BL-1020

Identifiers
- IUPAC name 2-[4-[3-(2-chlorophenothiazin-10-yl)propyl]piperazin-1-yl]ethyl 4-aminobutanoate;
- CAS Number: 751477-01-7;
- PubChem CID: 11203271;
- ChemSpider: 9378339;
- UNII: K1WO7H97QZ;
- ChEMBL: ChEMBL1187646;
- CompTox Dashboard (EPA): DTXSID401336321 ;

Chemical and physical data
- Formula: C_{25}H_{33}ClN_{4}O_{2}S
- Molar mass: 489.08 g·mol^{−1}
- 3D model (JSmol): Interactive image;
- SMILES C1CN(CCN1CCCN2C3=CC=CC=C3SC4=C2C=C(C=C4)Cl)CCOC(=O)CCCN;
- InChI InChI=1S/C25H33ClN4O2S/c26-20-8-9-24-22(19-20)30(21-5-1-2-6-23(21)33-24)12-4-11-28-13-15-29(16-14-28)17-18-32-25(31)7-3-10-27/h1-2,5-6,8-9,19H,3-4,7,10-18,27H2; Key:BABFYCSPNDKXRI-UHFFFAOYSA-N;

= BL-1020 =

Chemical compound

BL-1020 (perphenazine 4-aminobutanoate) is an investigational orally-active antipsychotic for the possible treatment of schizophrenia.

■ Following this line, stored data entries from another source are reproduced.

text \<open>Exponential of a power series with zero constant term:
  exp F = sum_m F^m / m!, which is a finite sum in every coefficient.\<close>
definition exp_fps0 :: "'b::{real_algebra_1, comm_ring_1} fps \<Rightarrow> 'b fps" where
  "exp_fps0 F = Abs_fps (\<lambda>k. \<Sum>m\<le>k. (1 / fact m) *\<^sub>R fps_nth (F ^ m) k)"

definition charR :: "('a::real_algebra_1 \<Rightarrow> 'b::{real_algebra_1, comm_ring_1}) \<Rightarrow> 'a \<Rightarrow> 'b fps" where
  "charR \<phi> a = exp_fps0 (coeffwise \<phi> (ln1p_fps a))"

definition psi :: "('a::real_algebra_1 \<Rightarrow> 'b::{real_algebra_1, comm_ring_1}) \<Rightarrow> nat \<Rightarrow> 'a \<Rightarrow> 'b" where
  "psi \<phi> k a = fps_nth (charR \<phi> a) k"

definition connected_alg :: "'b::comm_ring_1 itself \<Rightarrow> bool" where
  "connected_alg _ \<longleftrightarrow> (\<forall>(b::'b) (k::nat). (\<Prod>j\<le>k. b - of_nat j) = 0 \<longrightarrow>
       (\<exists>j\<le>k. b = of_nat j))"

end

theory Submission imports Defs "HOL-Computational_Algebra.Polynomial_FPS" begin

unbundle fps_syntax

(*
  Differentiating R(1,z) = exp(phi(ln(1+z))) gives the ODE (1+z) R' = phi(1) R, hence
  k! psi_k(1) = phi(1) (phi(1)-1) ... (phi(1)-k+1).  Since psi_(N+1)(1) = 0, connectedness
  forces phi(1) = n with n <= N, and then R(1,z) = (1+z)^n.

  For general a, the coefficients psi_k(a+t) are polynomials P_k in a real parameter t
  (apply R to the lifted map map_poly phi and the polynomial a+t).  Differentiating in t,
  d/dt ln(1+(a+t)z) = z - z^2 d/dz ln(1+(a+t)z), which turns into P_(k+1)' = (n-k) P_k.
  Descending from P_k = 0 for k > N, this kills all P_k with k > n, and integrating upwards
  gives P_k(t) = sum_j C(n-j,k-j) psi_j(a) t^(k-j).  Summing over k with the binomial theorem,
  sum_(k<=n) psi_k(a+s) = sum_(j<=n) psi_j(a) (1+s)^(n-j), which at s = 1/z - 1 is the
  reciprocity formula.
*)

instantiation poly :: ("{real_algebra_1,comm_ring_1}") real_vector
begin
definition scaleR_poly_def: "scaleR r p = smult (of_real r) p"
instance by standard (simp_all add: scaleR_poly_def smult_add_right smult_add_left)
end
(* Let $\{\mathbf{x}^k,\mathbf{y}^k,\mathbf{z}^k,\boldsymbol{\lambda}^k,\theta^{(k)},\beta^{(k)}\}$ be generated by the Fast PALM algorithm. Then for every $k\ge0$ and every $\mathbf{x}$, $$\frac{1-\theta^{(k+1)}}{(\theta^{(k+1)})^2}\bigl(f(\mathbf{x}^{k+1})-f(\mathbf{x})\bigr)-\frac{1}{\theta^{(k)}}\bigl\langle\mathcal{A}^T(\boldsymbol{\lambda}^{k+1}),\mathbf{x}-\mathbf{z}^{k+1}\bigr\rangle\le\frac{1-\theta^{(k)}}{(\theta^{(k)})^2}\bigl(f(\mathbf{x}^k)-f(\mathbf{x})\bigr)+\frac{L}{2}\bigl(\|\mathbf{z}^k-\mathbf{x}\|^2-\|\mathbf{z}^{k+1}-\mathbf{x}\|^2\bigr).$$
   Context: Setting: finite-dimensional real inner product spaces with induced norms $\|\cdot\|$. Problem: $\min_{\mathbf{x}} f(\mathbf{x})=g(\mathbf{x})+h(\mathbf{x})$ subject to $\mathcal{A}(\mathbf{x})=\mathbf{b}$, where $g,h$ are proper convex lower semicontinuous, $g$ is differentiable with $\|\nabla g(\mathbf{x})-\nabla g(\mathbf{y})\|\le L\|\mathbf{x}-\mathbf{y}\|$ for all $\mathbf{x},\mathbf{y}$ ($L>0$), $\mathcal{A}$ is linear with adjoint $\mathcal{A}^T$. Fast PALM: given $\mathbf{x}^0,\mathbf{z}^0,\boldsymbol{\lambda}^0$ and $\theta^{(0)}=\beta^{(0)}=1$, for $k=0,1,2,\dots$: $\mathbf{y}^{k+1}=(1-\theta^{(k)})\mathbf{x}^k+\theta^{(k)}\mathbf{z}^k$; $\mathbf{z}^{k+1}=\arg\min_{\mathbf{x}}\ \langle\nabla g(\mathbf{y}^{k+1}),\mathbf{x}\rangle+h(\mathbf{x})+\langle\boldsymbol{\lambda}^k,\mathcal{A}(\mathbf{x})\rangle+\frac{\beta^{(k)}}{2}\|\mathcal{A}(\mathbf{x})-\mathbf{b}\|^2+\frac{L\theta^{(k)}}{2}\|\mathbf{x}-\mathbf{z}^k\|^2$; $\mathbf{x}^{k+1}=(1-\theta^{(k)})\mathbf{x}^k+\theta^{(k)}\mathbf{z}^{k+1}$; $\boldsymbol{\lambda}^{k+1}=\boldsymbol{\lambda}^k+\beta^{(k)}(\mathcal{A}(\mathbf{z}^{k+1})-\mathbf{b})$; $\theta^{(k+1)}=\frac{-(\theta^{(k)})^2+\sqrt{(\theta^{(k)})^4+4(\theta^{(k)})^2}}{2}$; $\beta^{(k+1)}=1/\theta^{(k+1)}$. *)

theory Defs
  imports "HOL-Analysis.Analysis"
begin

definition proper_fun :: "('a \<Rightarrow> ereal) \<Rightarrow> bool" where
  "proper_fun h \<longleftrightarrow> (\<forall>x. h x \<noteq> -\<infinity>) \<and> (\<exists>x. h x \<noteq> \<infinity>)"

definition ext_convex :: "('a::real_vector \<Rightarrow> ereal) \<Rightarrow> bool" where
  "ext_convex h \<longleftrightarrow> (\<forall>x y t. 0 \<le> t \<and> t \<le> 1 \<longrightarrow>
      h ((1 - t) *\<^sub>R x + t *\<^sub>R y) \<le> ereal (1 - t) * h x + ereal t * h y)"

definition lsc_fun :: "('a::topological_space \<Rightarrow> ereal) \<Rightarrow> bool" where
  "lsc_fun h \<longleftrightarrow> (\<forall>c. closed {x. h x \<le> c})"

end

theory Submission
  imports Defs
begin

text \<open>
Write G for the gradient of g at y(k+1). The descent lemma at y(k+1) together with the gradient
inequality of the convex g at x(k) and at x bounds g(x(k+1)) by (1 - \<theta> k) g(x(k)) + \<theta> k g(x)
plus \<theta> k G\<bullet>(z(k+1) - x) + L (\<theta> k)^2/2 norm(z(k+1) - z(k))^2; convexity of h gives the same
convex combination for h(x(k+1)). Minimality of z(k+1), tested along the segment towards x,
yields a variational inequality in which the G-terms cancel and the multiplier update produces
the adjoint of A applied to \<lambda>(k+1), and the three-point identity turns the remaining proximal
term into the difference of squared distances. After division by (\<theta> k)^2 the step-size
recurrence gives (1 - \<theta>(k+1))/\<theta>(k+1)^2 = 1/(\<theta> k)^2.
\<close>

lemma has_real_derivative_along_line:
  fixes g :: "'a::real_inner \<Rightarrow> real"
  assumes "\<And>u. (g has_derivative (\<lambda>v. G u \<bullet> v)) (at u)"
  shows "((\<lambda>t. g (y + t *\<^sub>R d)) has_real_derivative (G (y + t *\<^sub>R d) \<bullet> d)) (at t)"
proof -
  have "((\<lambda>t. y + t *\<^sub>R d) has_derivative (\<lambda>s. s *\<^sub>R d)) (at t)"
    by (auto intro!: derivative_eq_intros)
  from has_derivative_compose[OF this assms]
  have "((\<lambda>t. g (y + t *\<^sub>R d)) has_derivative (\<lambda>s. G (y + t *\<^sub>R d) \<bullet> (s *\<^sub>R d))) (at t)" .
  moreover have "(\<lambda>s. G (y + t *\<^sub>R d) \<bullet> (s *\<^sub>R d)) = (*) (G (y + t *\<^sub>R d) \<bullet> d)"
    by (rule ext) (simp add: mult.commute)
  ultimately show ?thesis unfolding has_field_derivative_def by simp
qed

lemma convex_on_gradient_inequality:
  fixes g :: "'a::real_inner \<Rightarrow> real"
  assumes cvx: "convex_on UNIV g"
    and der: "\<And>u. (g has_derivative (\<lambda>v. G u \<bullet> v)) (at u)"
  shows "g y + G y \<bullet> (v - y) \<le> g v"
proof -
  define d where "d = v - y"
  let ?p = "\<lambda>t. g (y + t *\<^sub>R d)"
  have "convex_on UNIV ?p"
  proof (rule convex_onI)
    fix t s1 s2 :: real assume "0 < t" "t < 1"
    have "y + ((1 - t) * s1 + t * s2) *\<^sub>R d = (1 - t) *\<^sub>R (y + s1 *\<^sub>R d) + t *\<^sub>R (y + s2 *\<^sub>R d)"
      by (simp add: algebra_simps)
    then show "?p ((1 - t) *\<^sub>R s1 + t *\<^sub>R s2) \<le> (1 - t) * ?p s1 + t * ?p s2"
      using convex_onD[OF cvx, of t "y + s1 *\<^sub>R d" "y + s2 *\<^sub>R d"] \<open>0 < t\<close> \<open>t < 1\<close> by simp
  qed simp
  from convex_on_imp_above_tangent[OF this, of 0 1] has_real_derivative_along_line[OF der, of y d 0]
  have "G y \<bullet> d \<le> ?p 1 - ?p 0" by simp
  then show ?thesis by (simp add: d_def)
qed

lemma lipschitz_gradient_upper_bound:
  fixes g :: "'a::real_inner \<Rightarrow> real"
  assumes der: "\<And>u. (g has_derivative (\<lambda>v. G u \<bullet> v)) (at u)"
    and lip: "\<And>u v. norm (G u - G v) \<le> L * norm (u - v)"
  shows "g v \<le> g y + G y \<bullet> (v - y) + L / 2 * (norm (v - y))\<^sup>2"
proof -
  define d where "d = v - y"
  define \<phi> where "\<phi> t = g (y + t *\<^sub>R d) - t * (G y \<bullet> d) - L / 2 * t\<^sup>2 * (norm d)\<^sup>2" for t
  have "\<phi> 1 \<le> \<phi> 0"
  proof (rule DERIV_nonpos_imp_nonincreasing[of 0 1 \<phi>])
    fix t :: real assume t: "0 \<le> t" "t \<le> 1"
    have D: "(\<phi> has_real_derivative (G (y + t *\<^sub>R d) \<bullet> d - G y \<bullet> d - L * t * (norm d)\<^sup>2)) (at t)"
      unfolding \<phi>_def
      by (rule derivative_eq_intros has_real_derivative_along_line[OF der] refl | simp)+
    have "G (y + t *\<^sub>R d) \<bullet> d - G y \<bullet> d = (G (y + t *\<^sub>R d) - G y) \<bullet> d"
      by (simp add: inner_diff_left)
    also have "\<dots> \<le> norm (G (y + t *\<^sub>R d) - G y) * norm d"
      by (rule norm_cauchy_schwarz)
    also have "\<dots> \<le> L * norm (t *\<^sub>R d) * norm d"
      using lip[of "y + t *\<^sub>R d" y] by (simp add: mult_right_mono)
    also have "\<dots> = L * t * (norm d)\<^sup>2" using t by (simp add: power2_eq_square)
    finally show "\<exists>y. (\<phi> has_real_derivative y) (at t) \<and> y \<le> 0" using D by force
  qed simp
  then show ?thesis by (simp add: \<phi>_def d_def)
qed

lemma le_if_le_add_scaled:
  fixes a b C :: real
  assumes "\<And>t. 0 < t \<Longrightarrow> t \<le> 1 \<Longrightarrow> a \<le> b + t * C"
  shows "a \<le> b"
proof (rule field_le_epsilon)
  fix e :: real assume "0 < e"
  define t where "t = min 1 (e / (\<bar>C\<bar> + 1))"
  have t: "0 < t" "t \<le> 1" using \<open>0 < e\<close> by (auto simp: t_def)
  have "t * C \<le> t * (\<bar>C\<bar> + 1)"
    using t by (intro mult_left_mono) auto
  also have "\<dots> \<le> e / (\<bar>C\<bar> + 1) * (\<bar>C\<bar> + 1)"
    by (intro mult_right_mono) (auto simp: t_def)
  finally have "t * C \<le> e" by simp
  then show "a \<le> b + e" using assms[OF t] by simp
qed

lemma power2_norm_add_scaleR:
  fixes a d :: "'a::real_inner"
  shows "(norm (a + t *\<^sub>R d))\<^sup>2 = (norm a)\<^sup>2 + 2 * t * (a \<bullet> d) + t\<^sup>2 * (norm d)\<^sup>2"
  unfolding power2_norm_eq_inner
  by (simp add: inner_add_left inner_add_right inner_commute algebra_simps power2_eq_square)

lemma three_point_identity:
  fixes a b c :: "'a::real_inner"
  shows "(norm (c - a))\<^sup>2 - (norm (b - a))\<^sup>2 = (norm (b - c))\<^sup>2 + 2 * ((b - c) \<bullet> (a - b))"
  unfolding power2_norm_eq_inner
  by (simp add: inner_diff_left inner_diff_right inner_commute algebra_simps)

lemma ext_convex_minimizer_slope_le:
  fixes h :: "'a::real_vector \<Rightarrow> ereal" and q :: "'a \<Rightarrow> real"
  assumes cvx: "ext_convex h"
    and min: "\<And>u. ereal (q z) + h z \<le> ereal (q u) + h u"
    and expand: "\<And>t. q (z + t *\<^sub>R (w - z)) = q z + t * D + t\<^sup>2 * C"
    and hz: "h z = ereal hz" and hw: "h w = ereal hw"
  shows "hz - hw \<le> D"
proof (rule le_if_le_add_scaled)
  fix t :: real assume t: "0 < t" "t \<le> 1"
  let ?u = "z + t *\<^sub>R (w - z)"
  have "?u = (1 - t) *\<^sub>R z + t *\<^sub>R w" by (simp add: algebra_simps)
  then have "h ?u \<le> ereal (1 - t) * h z + ereal t * h w"
    using cvx t unfolding ext_convex_def by simp
  then have h_u: "h ?u \<le> ereal ((1 - t) * hz + t * hw)" by (simp add: hz hw)
  have "ereal (q z + hz) \<le> ereal (q ?u) + h ?u"
    using min[of ?u] by (simp add: hz)
  also have "\<dots> \<le> ereal (q ?u + ((1 - t) * hz + t * hw))"
    using add_left_mono[OF h_u, of "ereal (q ?u)"] by simp
  finally have "t * (hz - hw) \<le> t * (D + t * C)"
    unfolding expand by (simp add: algebra_simps power2_eq_square)
  then show "hz - hw \<le> D + t * C" using t by simp
qed

definition palm_quadratic ::
    "'a::real_inner \<Rightarrow> 'b::real_inner \<Rightarrow> real \<Rightarrow> real \<Rightarrow> ('a \<Rightarrow> 'b) \<Rightarrow> 'b \<Rightarrow> 'a \<Rightarrow> 'a \<Rightarrow> real" where
  "palm_quadratic G lam \<beta> c A b z u =
     G \<bullet> u + lam \<bullet> A u + \<beta> / 2 * (norm (A u - b))\<^sup>2 + c / 2 * (norm (u - z))\<^sup>2"

lemma palm_quadratic_along_line:
  fixes A :: "'a::euclidean_space \<Rightarrow> 'b::euclidean_space"
  assumes lin: "linear A"
  shows "palm_quadratic G lam \<beta> c A b z (z' + t *\<^sub>R d) = palm_quadratic G lam \<beta> c A b z z'
           + t * ((G + adjoint A (lam + \<beta> *\<^sub>R (A z' - b))) \<bullet> d + c * ((z' - z) \<bullet> d))
           + t\<^sup>2 * (\<beta> / 2 * (norm (A d))\<^sup>2 + c / 2 * (norm d)\<^sup>2)"
proof -
  have Az: "A (z' + t *\<^sub>R d) = A z' + t *\<^sub>R A d"
    using lin by (simp add: linear_add linear_scale)
  have "A (z' + t *\<^sub>R d) - b = (A z' - b) + t *\<^sub>R A d" and "z' + t *\<^sub>R d - z = (z' - z) + t *\<^sub>R d"
    by (simp_all add: Az)
  then have N1: "(norm (A (z' + t *\<^sub>R d) - b))\<^sup>2
               = (norm (A z' - b))\<^sup>2 + 2 * t * ((A z' - b) \<bullet> A d) + t\<^sup>2 * (norm (A d))\<^sup>2"
    and N2: "(norm (z' + t *\<^sub>R d - z))\<^sup>2 = (norm (z' - z))\<^sup>2 + 2 * t * ((z' - z) \<bullet> d) + t\<^sup>2 * (norm d)\<^sup>2"
    by (simp_all only: power2_norm_add_scaleR)
  have adj: "adjoint A (lam + \<beta> *\<^sub>R (A z' - b)) \<bullet> d = lam \<bullet> A d + \<beta> * ((A z' - b) \<bullet> A d)"
    using adjoint_works[OF lin, of d] by (simp add: inner_commute inner_add_right)
  show ?thesis
    unfolding palm_quadratic_def N1 N2 inner_add_left[of G] adj
    unfolding Az by (simp add: inner_add_left inner_add_right algebra_simps power2_eq_square)
qed

lemma accelerated_step_size_next:
  fixes a b :: real
  assumes a: "a \<noteq> 0" and b: "b = (- a\<^sup>2 + sqrt (a ^ 4 + 4 * a\<^sup>2)) / 2"
  shows "0 < b" and "b < 1" and "b\<^sup>2 = a\<^sup>2 * (1 - b)"
proof -
  define s where "s = sqrt (a ^ 4 + 4 * a\<^sup>2)"
  have s2: "s\<^sup>2 = a ^ 4 + 4 * a\<^sup>2" unfolding s_def by simp
  have "0 < a\<^sup>2" using a by simp
  with s2 have "(a\<^sup>2)\<^sup>2 < s\<^sup>2" by (simp add: power4_eq_xxxx power2_eq_square)
  then have "a\<^sup>2 < s" using power_less_imp_less_base[of "a\<^sup>2" 2 s] by (simp add: s_def)
  then show "0 < b" using b by (simp add: s_def)
  have bs: "b = (s - a\<^sup>2) / 2" using b by (simp add: s_def)
  show "b\<^sup>2 = a\<^sup>2 * (1 - b)" unfolding bs using s2
    by (simp add: power2_eq_square power4_eq_xxxx field_simps)
  moreover have "0 < b\<^sup>2" using \<open>0 < b\<close> by simp
  ultimately have "0 < a\<^sup>2 * (1 - b)" by simp
  then show "b < 1" by (simp add: zero_less_mult_iff)
qed

locale fast_palm =
  fixes g :: "'a::euclidean_space \<Rightarrow> real" and gradg :: "'a \<Rightarrow> 'a" and h :: "'a \<Rightarrow> ereal"
    and A :: "'a \<Rightarrow> 'b::euclidean_space" and b :: 'b and L :: real
    and x y z :: "nat \<Rightarrow> 'a" and lam :: "nat \<Rightarrow> 'b" and \<theta> \<beta> :: "nat \<Rightarrow> real"
    and f :: "'a \<Rightarrow> ereal"
  assumes g_convex: "convex_on UNIV g"
    and g_grad: "\<And>u. (g has_derivative (\<lambda>v. gradg u \<bullet> v)) (at u)"
    and g_lip: "\<And>u v. norm (gradg u - gradg v) \<le> L * norm (u - v)"
    and h_proper: "proper_fun h"
    and h_convex: "ext_convex h"
    and f_def: "\<And>u. f u = ereal (g u) + h u"
    and A_linear: "linear A"
    and \<theta>0: "\<theta> 0 = 1"
    and y_step: "\<And>k. y (Suc k) = (1 - \<theta> k) *\<^sub>R x k + \<theta> k *\<^sub>R z k"
    and z_step: "\<And>k. is_arg_min
        (\<lambda>u. ereal (palm_quadratic (gradg (y (Suc k))) (lam k) (\<beta> k) (L * \<theta> k) A b (z k) u) + h u)
        (\<lambda>_. True) (z (Suc k))"
    and x_step: "\<And>k. x (Suc k) = (1 - \<theta> k) *\<^sub>R x k + \<theta> k *\<^sub>R z (Suc k)"
    and lam_step: "\<And>k. lam (Suc k) = lam k + \<beta> k *\<^sub>R (A (z (Suc k)) - b)"
    and \<theta>_step: "\<And>k. \<theta> (Suc k) = (- (\<theta> k)\<^sup>2 + sqrt ((\<theta> k) ^ 4 + 4 * (\<theta> k)\<^sup>2)) / 2"
begin

lemma theta_pos: "0 < \<theta> n"
  by (induction n) (simp_all add: \<theta>0 accelerated_step_size_next(1)[OF _ \<theta>_step])

lemma theta_Suc_lt_one: "\<theta> (Suc n) < 1"
  using accelerated_step_size_next(2)[OF _ \<theta>_step] theta_pos[of n] by simp

lemma theta_le_one: "\<theta> n \<le> 1"
  using theta_Suc_lt_one by (cases n) (simp_all add: \<theta>0 less_imp_le)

The chemical is an ester of GABA and perphenazine; pharmacologically it acts as a D_{2} antagonist and GABA agonist. It has shown pro-cognitive effects in the trials. In March 2013, it went into the II/III trial phase. It has been introduced by BioLineRx, a biopharmaceutical development company.